Sid Lee has been acquired by the Japanese holding company Hakuhodo DY Holdings.
The deal, announced Monday, will see Sid Lee join Kyu, Hakuhodo’s New York-based collective of companies, which also includes Digital Kitchen, Red Peak and SYPartners. Sid Lee is the fourth company to join Kyu and its largest acquisition to date.
Financial terms of the acquisition were not disclosed, though Sid Lee chairman Bertrand Cesvet referred to them as “excellent.”
“Sid Lee is a high value asset. It’s one of the few creative [agencies] that is really integrated and of a fairly large scale,” Cesvet said.”The deal is a very good deal. They paid a good price.”
Sid Lee will continue and expand as an agency brand and maintain its head office in Montreal. Each of the agency’s 35 partners will continue on with the company, as will its management. According to Cesvet, there will be no personnel changes as a result of the acquisition.
“Nothing changes. Sid Lee remains Sid Lee. There’s no Hakuhodo name on the door – we’re going to be run exactly as we are and we’re going to grow.”
“For us it’s really an acceleration project,” he said. “It’s about taking Canadian talent, growing it, and growing the importance of Sid Lee as a global brand.”
As part of Hakuhodo and Kyu, Sid Lee’s immediate plans are to grow its presence in the U.S. The agency first opened in the U.S. in Austin in 2011, but soon closed down the office after losing Dell as a client. The next year, it bounced back and opened in New York, then moved into the L.A. office of its client Movember late last year. There are plans to open an office in L.A. independent of Movember by the end of 2015.
In the long term, Cesvet said there are plans to grow Sid Lee throughout Asia, where Hakuhodo has a major presence. He also pointed out that one of the agency’s most important clients, Samsung, is headquartered in Seoul.
Over the next five years, the intent is to “multiply” the number of Sid Lee offices with the stated goal of doubling “as quickly as possible.”

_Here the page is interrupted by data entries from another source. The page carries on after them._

(* Let $s\ge 1$, $q=4^{2s}$, and let $\theta$ be the automorphism of $F_q$ given by $\theta(a)=a^{4^s}$. Let $h(x)\in F_q[x;\theta]$ be a palindromic polynomial of degree $t$. (1) If $t$ is odd, then its skew reciprocal polynomial $h^R(x)$ is a $\theta$-palindromic polynomial. (2) If $t$ is even, then $h^R(x)$ is also a palindromic polynomial.
   Context: $F_q[x;\theta]$ is the skew polynomial ring: polynomials $\sum a_ix^i$ with $a_i\in F_q$, usual addition, and multiplication determined by $xa=\theta(a)x$ for $a\in F_q$. For $f(x)=\sum_{i=0}^t a_ix^i$ of degree $t$, the skew reciprocal polynomial is $f^R(x)=\sum_{i=0}^t x^ia_{t-i}=\sum_{i=0}^t\theta^i(a_{t-i})x^i$. A polynomial $f(x)=a_0+\dots+a_tx^t$ of degree $t$ is palindromic if $a_i=a_{t-i}$ for all $i$, and $\theta$-palindromic if $a_i=\theta(a_{t-i})$ for all $i$. *)

theory Defs
  imports "HOL-Computational_Algebra.Polynomial" "HOL-Library.Cardinality"
begin

text \<open>Elements of the skew polynomial ring F[x;theta] are represented by their
coefficient sequences, i.e. as values of type 'a poly (same additive structure,
same coefficients and degree); the skew multiplication is not needed for the
statement, which concerns coefficients only.\<close>

definition skew_reciprocal :: "('a::zero \<Rightarrow> 'a) \<Rightarrow> 'a poly \<Rightarrow> 'a poly" where
  "skew_reciprocal \<theta> f =
     Poly (map (\<lambda>i. (\<theta> ^^ i) (coeff f (degree f - i))) [0..<Suc (degree f)])"

definition palindromic :: "'a::zero poly \<Rightarrow> bool" where
  "palindromic f \<longleftrightarrow> (\<forall>i\<le>degree f. coeff f i = coeff f (degree f - i))"

definition theta_palindromic :: "('a::zero \<Rightarrow> 'a) \<Rightarrow> 'a poly \<Rightarrow> bool" where
  "theta_palindromic \<theta> f \<longleftrightarrow> (\<forall>i\<le>degree f. coeff f i = \<theta> (coeff f (degree f - i)))"

end

theory Submission
  imports Defs
begin

text \<open>For a palindromic h of degree t, the i-th coefficient of the skew reciprocal
  is theta^i (h_(t-i)) = theta^i (h_i). Since q = (4^s)^2, Fermat's little theorem in F_q makes
  theta an involution, so theta^i depends only on the parity of i. The coefficients at i
  and t - i therefore carry the same power of theta exactly when t is even, and powers
  differing by one theta when t is odd.\<close>

lemma field_power_card:
  fixes a :: "'a::{finite,field}"
  shows "a ^ CARD('a) = a"
proof (cases "a = 0")
  case True
  then show ?thesis by (simp add: power_0_left)
next
  case False
  let ?U = "UNIV - {0::'a}"
  have "bij_betw ((*) a) ?U ?U"
  proof (rule bij_betw_imageI)
    show "inj_on ((*) a) ?U" using False by (auto simp: inj_on_def)
    show "(*) a ` ?U = ?U"
    proof
      show "?U \<subseteq> (*) a ` ?U"
        using False by (auto intro!: image_eqI[where x = "_ / a"])
    qed (use False in auto)
  qed
  then have "(\<Prod>x\<in>?U. a * x) = (\<Prod>x\<in>?U. x)"
    using prod.reindex_bij_betw[of "(*) a" ?U ?U "\<lambda>x. x"] by simp
  then have "a ^ card ?U * (\<Prod>x\<in>?U. x) = 1 * (\<Prod>x\<in>?U. x)"
    by (simp add: prod.distrib)
  then have "a ^ card ?U = 1" by simp
  moreover have "CARD('a) = Suc (card ?U)"
    by (simp add: card_Diff_singleton)
  ultimately show ?thesis by (simp only: power_Suc mult_1_right)
qed

lemma power_power_eq_self_if_square_card:
  fixes a :: "'a::{finite,field}"
  assumes "CARD('a) = m * m"
  shows "(a ^ m) ^ m = a"
  by (simp add: power_mult[symmetric] assms[symmetric] field_power_card)

lemma funpow_involution:
  assumes "\<And>a. \<theta> (\<theta> a) = a"
  shows "(\<theta> ^^ i) a = (if even i then a else \<theta> a)"
  by (induction i) (auto simp: assms)

lemma coeff_skew_reciprocal:
  "coeff (skew_reciprocal \<theta> f) i =
     (if i \<le> degree f then (\<theta> ^^ i) (coeff f (degree f - i)) else 0)"
  unfolding skew_reciprocal_def
  by (simp add: coeff_Poly_eq nth_default_def less_Suc_eq_le del: upt_Suc)

lemma palindromic_coeff_degree_diff:
  assumes "palindromic f" and "i \<le> degree f"
  shows "coeff f (degree f - i) = coeff f i"
  using assms unfolding palindromic_def by (metis diff_diff_cancel diff_le_self)

lemma coeff_skew_reciprocal_palindromic:
  assumes "palindromic f"
  shows "coeff (skew_reciprocal \<theta> f) i =
           (if i \<le> degree f then (\<theta> ^^ i) (coeff f i) else 0)"
  by (simp add: coeff_skew_reciprocal palindromic_coeff_degree_diff[OF assms])

lemma degree_skew_reciprocal:
  assumes "\<And>a. \<theta> a = 0 \<longleftrightarrow> a = 0" and "coeff f 0 \<noteq> 0"
  shows "degree (skew_reciprocal \<theta> f) = degree f"
proof (rule antisym)
  have funpow_eq_0: "(\<theta> ^^ i) a = 0 \<longleftrightarrow> a = 0" for i a
    by (induction i) (simp_all add: assms(1))
  show "degree (skew_reciprocal \<theta> f) \<le> degree f"
    by (rule degree_le) (simp add: coeff_skew_reciprocal)
  have "coeff (skew_reciprocal \<theta> f) (degree f) \<noteq> 0"
    using assms(2) by (simp add: coeff_skew_reciprocal funpow_eq_0)
  then show "degree f \<le> degree (skew_reciprocal \<theta> f)"
    by (rule le_degree)
qed

lemma skew_reciprocal_palindromic_involution:
  assumes invol: "\<And>a. \<theta> (\<theta> a) = a" and "\<theta> 0 = 0" and "palindromic f"
  shows "odd (degree f) \<Longrightarrow> theta_palindromic \<theta> (skew_reciprocal \<theta> f)"
    and "even (degree f) \<Longrightarrow> palindromic (skew_reciprocal \<theta> f)"
proof -
  note pal = palindromic_coeff_degree_diff[OF \<open>palindromic f\<close>]
  have degree: "degree (skew_reciprocal \<theta> f) = degree f"
  proof (cases "f = 0")
    case True
    then show ?thesis by (simp add: skew_reciprocal_def \<open>\<theta> 0 = 0\<close>)
  next
    case False
    have "\<theta> a = 0 \<longleftrightarrow> a = 0" for a
      using invol \<open>\<theta> 0 = 0\<close> by metis
    moreover have "coeff f 0 \<noteq> 0"
      using False pal[of "degree f"] by simp
    ultimately show ?thesis by (rule degree_skew_reciprocal)
  qed
  note coeff = coeff_skew_reciprocal_palindromic[OF \<open>palindromic f\<close>]
    funpow_involution[OF invol]
  show "odd (degree f) \<Longrightarrow> theta_palindromic \<theta> (skew_reciprocal \<theta> f)"
    unfolding theta_palindromic_def degree by (auto simp: coeff invol pal)
  show "even (degree f) \<Longrightarrow> palindromic (skew_reciprocal \<theta> f)"
    unfolding palindromic_def degree by (auto simp: coeff pal)
qed

theorem theorem5:
  fixes s t :: nat and h :: "'a::{finite,field} poly" and \<theta> :: "'a \<Rightarrow> 'a"
  assumes "s \<ge> 1"
    and "CARD('a) = 4 ^ (2 * s)"
    and "\<theta> = (\<lambda>a. a ^ (4 ^ s))"
    and "palindromic h"
    and "degree h = t"
  shows "(odd t \<longrightarrow> theta_palindromic \<theta> (skew_reciprocal \<theta> h))
       \<and> (even t \<longrightarrow> palindromic (skew_reciprocal \<theta> h))"
proof -
  have "CARD('a) = 4 ^ s * 4 ^ s"
    unfolding assms(2) mult_2 power_add ..
  then have "\<theta> (\<theta> a) = a" for a
    using assms(3) by (simp add: power_power_eq_self_if_square_card)
  moreover have "\<theta> 0 = 0"
    using assms(3) by simp
  ultimately show ?thesis
    using skew_reciprocal_palindromic_involution assms(4,5) by blast
qed

end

Hakuhodo’s deep roots in Asia were one of the main factors in Sid Lee choosing to sell to it, Cesvet said. In the past, Sid Lee has fielded a number of offers from other potential buyers, but Cesvet said the western holding companies were not a fit for its plans. Instead, Hakuhodo was attractive because it has a strength in a market Sid Lee has yet to reach. Conversely, Hakuhodo has a desire to grow in North America and is making Sid Lee a major part of those plans.
“For us, this is building the next chapter of our business. Our ambition has always been to develop and grow Sid Lee into a global network,” said Cesvet. “I think we’ve gone really far down that path – we have six offices around the world. We think this partnership will enable us to reach the next level and become the Canadian-based global network we want to build.”
Prior to the acquisition, Sid Lee was one of Canada’s few large independent agencies. Between 2000 and 2005 Caisse de Depot owned a partial stake in the company and in 2012 Cirque Du Soleil, a long-time client, also purchased a partial stake.
Following the deal, Cirque du Soleil will remain a “commercial partner” of Sid Lee. According to Cesvet, Cirque du Soleil received both cash from the transaction as well as incentives to stay on as a partner.